Write out the stretch of lines below that begins at the line with "define Q where" and ends at the line with "using gauss_pair_regression_error(1) source(1)", including both, exactly as given and nothing more.

◇ ◇ ◇ ◇ ◇ ◇ ◇

lemma gauss_pair_regression_error:
  "integrable (gauss_pair \<mu> \<sigma> r) (\<lambda>z. (fst z - (\<mu> + r * (snd z - \<mu>)))\<^sup>2)"
  "(\<integral>z. (fst z - (\<mu> + r * (snd z - \<mu>)))\<^sup>2 \<partial>gauss_pair \<mu> \<sigma> r) = (resid_std \<sigma> r)\<^sup>2"
proof -
  have "(\<integral>\<^sup>+z. ennreal ((fst z - (\<mu> + r * (snd z - \<mu>)))\<^sup>2) \<partial>gauss_pair \<mu> \<sigma> r) =
        (\<integral>\<^sup>+z. ennreal ((snd z - (\<mu> + r * (fst z - \<mu>)))\<^sup>2) \<partial>gauss_pair \<mu> \<sigma> r)"
    using nn_integral_gauss_pair_swap[of "\<lambda>p. ennreal ((snd p - (\<mu> + r * (fst p - \<mu>)))\<^sup>2)"] by simp
  also have "\<dots> = (\<integral>\<^sup>+x. \<integral>\<^sup>+y. ennreal ((- (\<mu> + r * (x - \<mu>)) + 1 * y)\<^sup>2)
                       \<partial>gauss_channel \<mu> \<sigma> r x \<partial>gaussian \<mu> \<sigma>)"
    by (subst nn_integral_gauss_pair) (auto intro!: nn_integral_cong simp: algebra_simps)
  also have "\<dots> = ennreal ((resid_std \<sigma> r)\<^sup>2)"
    unfolding nn_integral_gauss_channel_affine_square
    using emeasure_gaussian_UNIV[OF \<sigma>_pos] by (simp add: resid_std_square)
  finally have nn: "(\<integral>\<^sup>+z. ennreal ((fst z - (\<mu> + r * (snd z - \<mu>)))\<^sup>2) \<partial>gauss_pair \<mu> \<sigma> r) =
                    ennreal ((resid_std \<sigma> r)\<^sup>2)" .
  show "integrable (gauss_pair \<mu> \<sigma> r) (\<lambda>z. (fst z - (\<mu> + r * (snd z - \<mu>)))\<^sup>2)"
    "(\<integral>z. (fst z - (\<mu> + r * (snd z - \<mu>)))\<^sup>2 \<partial>gauss_pair \<mu> \<sigma> r) = (resid_std \<sigma> r)\<^sup>2"
    by (auto intro!: nn_integral_eq_ennreal_imp_integral[OF _ _ nn]
        simp: sets_gauss_pair cong: measurable_cong_sets)
qed

lemma mutual_info_gauss_pair:
  "mutual_info borel borel (gauss_pair \<mu> \<sigma> r) = ennreal (1/2 * log 2 (1 / (1 - r\<^sup>2)))"
proof -
  let ?g = "gauss_pair_log_density \<mu> \<sigma> r"
  interpret P: prob_space "gauss_pair \<mu> \<sigma> r" by (rule prob_space_gauss_pair)
  define Q where "Q = gaussian \<mu> \<sigma> \<Otimes>\<^sub>M gaussian \<mu> \<sigma>"
  have "prob_space Q"
    unfolding Q_def by (intro prob_space_pair) (simp_all add: prob_space_gaussian \<sigma>_pos)
  have g_Q: "?g \<in> borel_measurable Q"
    unfolding Q_def by (simp cong: measurable_cong_sets)
  note source = gaussian_marginal_second_moment[OF \<sigma>_pos _ distr_fst_gauss_pair]
  have int_g: "integrable (gauss_pair \<mu> \<sigma> r) ?g"
    unfolding gauss_pair_log_density_def using gauss_pair_regression_error(1) source(1)
    by (intro Bochner_Integration.integrable_add Bochner_Integration.integrable_diff
        integrable_divide_zero P.integrable_const) auto
  have "(\<integral>z. ?g z \<partial>gauss_pair \<mu> \<sigma> r) = ln \<sigma> - ln (resid_std \<sigma> r)"
    unfolding gauss_pair_log_density_def using gauss_pair_regression_error source resid_std_pos \<sigma>_pos
    by (simp add: P.prob_space)
  also have "\<dots> = - 1/2 * ln (1 - r\<^sup>2)"
    unfolding resid_std_def using \<sigma>_pos one_minus_square_pos by (simp add: ln_mult ln_sqrt)
  finally have "KL_div (gauss_pair \<mu> \<sigma> r) Q = ennreal (1/2 * log 2 (1 / (1 - r\<^sup>2)))"
    using KL_div_density_exp[OF prob_space_gauss_pair \<open>prob_space Q\<close> g_Q _ int_g]
      gauss_pair_eq_density one_minus_square_pos
    by (simp add: Q_def log_def ln_div)
  moreover have "distr (gauss_pair \<mu> \<sigma> r) borel fst \<Otimes>\<^sub>M distr (gauss_pair \<mu> \<sigma> r) borel snd = Q"
    unfolding Q_def distr_fst_gauss_pair distr_snd_gauss_pair ..
  ultimately show ?thesis by (simp add: mutual_info_def)
qed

◇ ◇ ◇ ◇ ◇ ◇ ◇

### Task result
  define Q where "Q = gaussian \<mu> \<sigma> \<Otimes>\<^sub>M gaussian \<mu> \<sigma>"
  have "prob_space Q"
    unfolding Q_def by (intro prob_space_pair) (simp_all add: prob_space_gaussian \<sigma>_pos)
  have g_Q: "?g \<in> borel_measurable Q"
    unfolding Q_def by (simp cong: measurable_cong_sets)
  note source = gaussian_marginal_second_moment[OF \<sigma>_pos _ distr_fst_gauss_pair]
  have int_g: "integrable (gauss_pair \<mu> \<sigma> r) ?g"
    unfolding gauss_pair_log_density_def using gauss_pair_regression_error(1) source(1)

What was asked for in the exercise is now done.